* [YOUR GOAL]
The result should be every line of the listing that holds the word "moreover".

* [DATASET RECORDS]
----------

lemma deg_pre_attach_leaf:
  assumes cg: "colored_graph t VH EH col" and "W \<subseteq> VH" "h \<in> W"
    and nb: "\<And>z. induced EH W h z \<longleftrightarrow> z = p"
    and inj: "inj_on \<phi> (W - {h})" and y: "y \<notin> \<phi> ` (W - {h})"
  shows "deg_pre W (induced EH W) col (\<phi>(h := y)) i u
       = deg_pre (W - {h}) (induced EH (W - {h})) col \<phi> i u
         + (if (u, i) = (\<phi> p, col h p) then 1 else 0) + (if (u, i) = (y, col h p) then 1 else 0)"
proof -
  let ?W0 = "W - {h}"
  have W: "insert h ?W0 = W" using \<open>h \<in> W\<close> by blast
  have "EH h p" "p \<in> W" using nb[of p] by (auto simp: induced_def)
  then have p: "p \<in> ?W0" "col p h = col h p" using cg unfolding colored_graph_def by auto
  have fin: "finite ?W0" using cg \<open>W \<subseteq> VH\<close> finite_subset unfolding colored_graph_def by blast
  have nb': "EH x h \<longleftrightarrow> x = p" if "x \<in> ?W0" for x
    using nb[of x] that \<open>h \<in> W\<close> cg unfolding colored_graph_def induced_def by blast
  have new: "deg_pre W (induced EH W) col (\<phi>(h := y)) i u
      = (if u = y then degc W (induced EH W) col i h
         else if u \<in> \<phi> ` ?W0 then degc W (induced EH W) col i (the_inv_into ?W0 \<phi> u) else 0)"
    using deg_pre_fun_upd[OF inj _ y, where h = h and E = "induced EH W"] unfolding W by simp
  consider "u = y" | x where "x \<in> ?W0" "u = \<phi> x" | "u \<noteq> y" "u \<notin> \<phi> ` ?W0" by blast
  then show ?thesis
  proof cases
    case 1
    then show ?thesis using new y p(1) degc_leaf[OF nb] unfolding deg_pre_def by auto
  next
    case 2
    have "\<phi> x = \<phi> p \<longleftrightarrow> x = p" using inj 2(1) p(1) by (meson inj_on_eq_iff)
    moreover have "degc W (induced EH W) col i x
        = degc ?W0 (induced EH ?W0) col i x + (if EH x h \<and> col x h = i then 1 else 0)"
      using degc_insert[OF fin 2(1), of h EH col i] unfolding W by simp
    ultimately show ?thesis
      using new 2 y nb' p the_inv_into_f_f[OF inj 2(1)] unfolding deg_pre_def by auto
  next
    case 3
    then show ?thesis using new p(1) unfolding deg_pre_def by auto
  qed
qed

----------

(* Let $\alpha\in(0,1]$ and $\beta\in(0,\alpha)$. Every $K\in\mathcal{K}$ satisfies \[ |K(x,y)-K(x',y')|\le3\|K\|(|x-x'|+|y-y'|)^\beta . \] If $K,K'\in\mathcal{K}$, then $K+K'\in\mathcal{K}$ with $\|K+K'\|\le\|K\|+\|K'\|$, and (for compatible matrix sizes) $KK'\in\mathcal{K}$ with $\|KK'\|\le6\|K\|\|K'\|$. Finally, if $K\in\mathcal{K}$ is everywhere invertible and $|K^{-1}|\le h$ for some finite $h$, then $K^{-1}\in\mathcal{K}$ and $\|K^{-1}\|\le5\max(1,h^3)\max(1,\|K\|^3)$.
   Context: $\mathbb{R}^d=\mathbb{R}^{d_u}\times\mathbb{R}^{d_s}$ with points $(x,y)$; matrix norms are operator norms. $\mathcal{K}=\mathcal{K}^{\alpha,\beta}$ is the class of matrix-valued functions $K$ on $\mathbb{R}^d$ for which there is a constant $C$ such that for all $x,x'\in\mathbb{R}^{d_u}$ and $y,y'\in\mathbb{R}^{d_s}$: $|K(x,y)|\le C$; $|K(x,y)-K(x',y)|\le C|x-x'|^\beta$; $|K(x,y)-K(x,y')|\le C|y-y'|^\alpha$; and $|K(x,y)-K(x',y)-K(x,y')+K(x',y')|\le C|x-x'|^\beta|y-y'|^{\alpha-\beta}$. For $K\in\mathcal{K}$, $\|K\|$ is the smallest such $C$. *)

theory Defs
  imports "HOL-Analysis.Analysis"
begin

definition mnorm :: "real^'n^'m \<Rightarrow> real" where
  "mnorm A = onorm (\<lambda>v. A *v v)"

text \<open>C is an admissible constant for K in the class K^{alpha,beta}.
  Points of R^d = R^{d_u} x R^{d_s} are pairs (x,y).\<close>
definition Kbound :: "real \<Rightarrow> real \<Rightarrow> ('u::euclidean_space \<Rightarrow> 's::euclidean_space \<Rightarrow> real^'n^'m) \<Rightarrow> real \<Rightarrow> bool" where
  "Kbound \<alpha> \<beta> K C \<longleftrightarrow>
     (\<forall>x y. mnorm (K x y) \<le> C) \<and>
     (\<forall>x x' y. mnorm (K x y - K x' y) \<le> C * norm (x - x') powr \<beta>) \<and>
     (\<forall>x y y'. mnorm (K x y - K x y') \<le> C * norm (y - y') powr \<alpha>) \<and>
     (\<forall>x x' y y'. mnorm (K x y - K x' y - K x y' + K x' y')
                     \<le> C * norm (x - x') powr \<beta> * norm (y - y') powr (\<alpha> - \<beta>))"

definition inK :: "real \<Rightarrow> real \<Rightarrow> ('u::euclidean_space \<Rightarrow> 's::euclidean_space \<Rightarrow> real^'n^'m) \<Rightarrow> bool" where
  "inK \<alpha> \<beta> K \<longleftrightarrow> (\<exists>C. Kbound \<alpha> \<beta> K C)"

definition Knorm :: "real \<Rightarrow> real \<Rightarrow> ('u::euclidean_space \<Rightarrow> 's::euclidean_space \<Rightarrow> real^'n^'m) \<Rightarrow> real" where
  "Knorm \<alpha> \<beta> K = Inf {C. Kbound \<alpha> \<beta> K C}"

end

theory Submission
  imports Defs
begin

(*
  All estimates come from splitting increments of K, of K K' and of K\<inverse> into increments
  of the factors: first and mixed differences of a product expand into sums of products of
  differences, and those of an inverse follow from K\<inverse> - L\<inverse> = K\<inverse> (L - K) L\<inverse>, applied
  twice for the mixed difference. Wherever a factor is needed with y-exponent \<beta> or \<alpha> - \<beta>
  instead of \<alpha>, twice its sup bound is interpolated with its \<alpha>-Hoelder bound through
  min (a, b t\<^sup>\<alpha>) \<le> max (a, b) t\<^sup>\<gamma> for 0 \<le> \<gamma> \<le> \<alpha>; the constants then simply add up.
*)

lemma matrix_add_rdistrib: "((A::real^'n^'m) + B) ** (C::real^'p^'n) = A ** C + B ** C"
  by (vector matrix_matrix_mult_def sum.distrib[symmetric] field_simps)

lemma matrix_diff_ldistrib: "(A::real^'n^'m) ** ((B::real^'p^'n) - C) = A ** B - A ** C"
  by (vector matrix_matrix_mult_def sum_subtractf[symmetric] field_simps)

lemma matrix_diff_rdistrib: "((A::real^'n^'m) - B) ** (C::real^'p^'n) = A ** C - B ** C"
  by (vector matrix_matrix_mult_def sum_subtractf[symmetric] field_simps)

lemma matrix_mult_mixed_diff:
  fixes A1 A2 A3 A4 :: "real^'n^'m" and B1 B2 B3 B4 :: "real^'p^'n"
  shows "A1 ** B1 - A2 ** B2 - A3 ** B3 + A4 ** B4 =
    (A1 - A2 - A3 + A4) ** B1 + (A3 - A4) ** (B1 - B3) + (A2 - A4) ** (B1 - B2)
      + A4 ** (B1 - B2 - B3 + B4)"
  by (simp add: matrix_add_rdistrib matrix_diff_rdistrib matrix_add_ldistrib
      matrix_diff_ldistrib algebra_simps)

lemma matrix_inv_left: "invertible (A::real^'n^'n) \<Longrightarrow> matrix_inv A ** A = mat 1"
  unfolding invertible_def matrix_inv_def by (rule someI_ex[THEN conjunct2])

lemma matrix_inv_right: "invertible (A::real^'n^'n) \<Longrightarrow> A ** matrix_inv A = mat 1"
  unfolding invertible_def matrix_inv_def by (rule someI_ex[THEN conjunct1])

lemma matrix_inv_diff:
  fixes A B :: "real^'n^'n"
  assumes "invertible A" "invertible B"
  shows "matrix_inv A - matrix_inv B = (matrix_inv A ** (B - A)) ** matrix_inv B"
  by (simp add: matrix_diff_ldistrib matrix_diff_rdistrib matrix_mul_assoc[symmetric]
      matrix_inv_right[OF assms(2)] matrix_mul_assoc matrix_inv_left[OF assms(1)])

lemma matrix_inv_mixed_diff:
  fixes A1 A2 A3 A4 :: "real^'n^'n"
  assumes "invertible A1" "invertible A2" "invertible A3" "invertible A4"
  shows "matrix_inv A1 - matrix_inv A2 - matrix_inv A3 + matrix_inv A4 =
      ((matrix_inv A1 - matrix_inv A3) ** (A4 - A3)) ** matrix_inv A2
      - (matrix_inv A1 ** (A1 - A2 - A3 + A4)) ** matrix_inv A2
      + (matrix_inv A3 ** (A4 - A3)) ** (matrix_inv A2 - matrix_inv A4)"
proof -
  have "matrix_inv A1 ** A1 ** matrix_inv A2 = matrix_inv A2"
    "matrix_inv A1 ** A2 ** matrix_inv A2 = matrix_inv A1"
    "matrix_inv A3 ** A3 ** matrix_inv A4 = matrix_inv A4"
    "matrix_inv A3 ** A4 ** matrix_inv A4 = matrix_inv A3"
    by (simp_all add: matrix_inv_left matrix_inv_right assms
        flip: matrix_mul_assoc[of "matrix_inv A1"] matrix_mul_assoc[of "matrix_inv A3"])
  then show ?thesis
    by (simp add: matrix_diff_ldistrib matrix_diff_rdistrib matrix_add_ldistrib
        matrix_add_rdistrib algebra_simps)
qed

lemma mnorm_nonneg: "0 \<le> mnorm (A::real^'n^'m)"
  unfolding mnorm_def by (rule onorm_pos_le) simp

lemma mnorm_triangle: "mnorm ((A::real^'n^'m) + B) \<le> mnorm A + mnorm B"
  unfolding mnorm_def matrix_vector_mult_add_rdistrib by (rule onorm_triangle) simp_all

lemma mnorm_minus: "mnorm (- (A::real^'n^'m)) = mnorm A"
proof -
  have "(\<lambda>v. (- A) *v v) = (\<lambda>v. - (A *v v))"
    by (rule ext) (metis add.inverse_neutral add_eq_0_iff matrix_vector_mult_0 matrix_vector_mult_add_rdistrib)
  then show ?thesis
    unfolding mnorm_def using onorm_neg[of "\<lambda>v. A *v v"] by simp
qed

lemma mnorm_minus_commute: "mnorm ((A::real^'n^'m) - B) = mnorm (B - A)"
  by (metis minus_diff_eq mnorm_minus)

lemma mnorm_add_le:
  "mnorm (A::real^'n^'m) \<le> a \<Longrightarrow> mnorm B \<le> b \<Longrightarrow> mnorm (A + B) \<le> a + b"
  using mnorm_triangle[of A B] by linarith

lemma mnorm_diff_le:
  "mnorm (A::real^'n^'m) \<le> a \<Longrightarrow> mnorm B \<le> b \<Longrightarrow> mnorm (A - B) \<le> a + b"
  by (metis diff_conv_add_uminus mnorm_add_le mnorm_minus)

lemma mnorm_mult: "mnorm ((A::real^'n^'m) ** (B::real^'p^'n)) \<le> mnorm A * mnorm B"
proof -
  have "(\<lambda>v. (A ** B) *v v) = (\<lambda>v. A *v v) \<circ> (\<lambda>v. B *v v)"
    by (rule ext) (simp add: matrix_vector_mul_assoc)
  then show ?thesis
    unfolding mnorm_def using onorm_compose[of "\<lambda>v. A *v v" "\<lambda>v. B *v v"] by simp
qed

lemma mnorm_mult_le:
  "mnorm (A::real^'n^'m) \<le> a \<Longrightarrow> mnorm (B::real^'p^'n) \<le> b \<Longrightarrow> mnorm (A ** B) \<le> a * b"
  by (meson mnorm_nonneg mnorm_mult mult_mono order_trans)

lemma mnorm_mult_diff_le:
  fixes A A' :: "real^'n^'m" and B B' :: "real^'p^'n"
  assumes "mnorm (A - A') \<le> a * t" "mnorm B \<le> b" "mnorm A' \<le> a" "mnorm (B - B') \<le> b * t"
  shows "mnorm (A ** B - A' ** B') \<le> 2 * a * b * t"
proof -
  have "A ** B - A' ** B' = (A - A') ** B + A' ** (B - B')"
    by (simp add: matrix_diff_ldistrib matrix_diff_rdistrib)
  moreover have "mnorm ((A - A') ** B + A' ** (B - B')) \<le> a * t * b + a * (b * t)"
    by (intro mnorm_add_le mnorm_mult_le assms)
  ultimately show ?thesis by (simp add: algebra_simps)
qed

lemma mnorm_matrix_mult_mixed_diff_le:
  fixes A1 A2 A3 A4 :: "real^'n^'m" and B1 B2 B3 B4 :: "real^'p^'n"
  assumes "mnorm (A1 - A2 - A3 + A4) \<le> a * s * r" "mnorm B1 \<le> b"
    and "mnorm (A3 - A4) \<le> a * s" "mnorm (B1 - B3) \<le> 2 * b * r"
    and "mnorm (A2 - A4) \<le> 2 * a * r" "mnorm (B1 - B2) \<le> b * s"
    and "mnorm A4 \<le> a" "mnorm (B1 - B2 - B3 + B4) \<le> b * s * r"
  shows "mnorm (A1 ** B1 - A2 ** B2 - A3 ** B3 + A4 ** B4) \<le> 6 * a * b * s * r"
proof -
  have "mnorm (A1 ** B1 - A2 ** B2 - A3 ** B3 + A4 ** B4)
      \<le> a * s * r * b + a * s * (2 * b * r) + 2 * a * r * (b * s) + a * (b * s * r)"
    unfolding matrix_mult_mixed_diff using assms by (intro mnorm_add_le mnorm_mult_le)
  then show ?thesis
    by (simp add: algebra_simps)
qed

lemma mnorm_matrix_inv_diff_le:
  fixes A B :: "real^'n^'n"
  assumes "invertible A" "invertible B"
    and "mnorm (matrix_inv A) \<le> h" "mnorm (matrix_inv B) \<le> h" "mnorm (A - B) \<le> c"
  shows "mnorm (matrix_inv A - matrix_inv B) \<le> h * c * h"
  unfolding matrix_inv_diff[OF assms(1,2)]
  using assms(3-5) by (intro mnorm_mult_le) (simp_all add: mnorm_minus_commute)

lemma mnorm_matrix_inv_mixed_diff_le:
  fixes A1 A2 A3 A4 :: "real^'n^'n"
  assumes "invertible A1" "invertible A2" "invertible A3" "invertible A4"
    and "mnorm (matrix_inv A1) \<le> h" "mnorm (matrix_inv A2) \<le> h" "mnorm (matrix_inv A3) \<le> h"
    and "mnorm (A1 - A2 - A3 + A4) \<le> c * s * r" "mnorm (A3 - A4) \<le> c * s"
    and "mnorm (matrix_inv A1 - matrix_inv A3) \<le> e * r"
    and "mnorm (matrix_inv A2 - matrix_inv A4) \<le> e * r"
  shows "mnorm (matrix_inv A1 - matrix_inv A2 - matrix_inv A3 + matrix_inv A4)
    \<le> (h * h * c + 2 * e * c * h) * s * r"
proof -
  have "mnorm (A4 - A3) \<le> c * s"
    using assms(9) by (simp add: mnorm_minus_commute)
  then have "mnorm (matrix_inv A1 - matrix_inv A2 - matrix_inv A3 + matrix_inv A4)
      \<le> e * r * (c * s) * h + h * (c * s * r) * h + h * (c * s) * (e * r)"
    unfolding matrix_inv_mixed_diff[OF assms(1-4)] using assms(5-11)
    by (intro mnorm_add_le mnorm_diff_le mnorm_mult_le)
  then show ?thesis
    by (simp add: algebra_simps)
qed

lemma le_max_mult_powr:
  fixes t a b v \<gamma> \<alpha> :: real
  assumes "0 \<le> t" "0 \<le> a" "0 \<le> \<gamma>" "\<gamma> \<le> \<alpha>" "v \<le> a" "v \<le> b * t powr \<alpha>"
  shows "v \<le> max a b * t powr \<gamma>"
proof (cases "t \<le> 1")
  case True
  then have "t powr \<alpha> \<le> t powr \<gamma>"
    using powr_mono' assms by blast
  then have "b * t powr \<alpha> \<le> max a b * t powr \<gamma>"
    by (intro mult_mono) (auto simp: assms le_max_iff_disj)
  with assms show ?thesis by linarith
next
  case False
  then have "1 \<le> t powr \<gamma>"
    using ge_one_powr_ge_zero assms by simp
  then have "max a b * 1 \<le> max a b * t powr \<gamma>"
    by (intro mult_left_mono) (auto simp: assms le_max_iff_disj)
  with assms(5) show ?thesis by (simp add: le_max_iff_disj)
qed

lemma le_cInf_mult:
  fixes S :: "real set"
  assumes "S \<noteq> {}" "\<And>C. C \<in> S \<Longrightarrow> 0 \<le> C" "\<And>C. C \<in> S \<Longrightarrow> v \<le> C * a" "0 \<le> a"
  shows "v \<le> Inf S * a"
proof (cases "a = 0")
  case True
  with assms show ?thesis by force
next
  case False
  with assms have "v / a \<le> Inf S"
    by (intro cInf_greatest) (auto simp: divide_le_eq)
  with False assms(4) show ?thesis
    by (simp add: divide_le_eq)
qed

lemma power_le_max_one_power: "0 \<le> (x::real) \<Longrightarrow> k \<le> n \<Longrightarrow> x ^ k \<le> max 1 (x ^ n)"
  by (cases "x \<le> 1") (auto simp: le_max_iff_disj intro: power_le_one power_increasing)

----------

* [TASK OUTPUT]
    moreover have "degc W (induced EH W) col i x
  moreover have "mnorm ((A - A') ** B + A' ** (B - B')) \<le> a * t * b + a * (b * t)"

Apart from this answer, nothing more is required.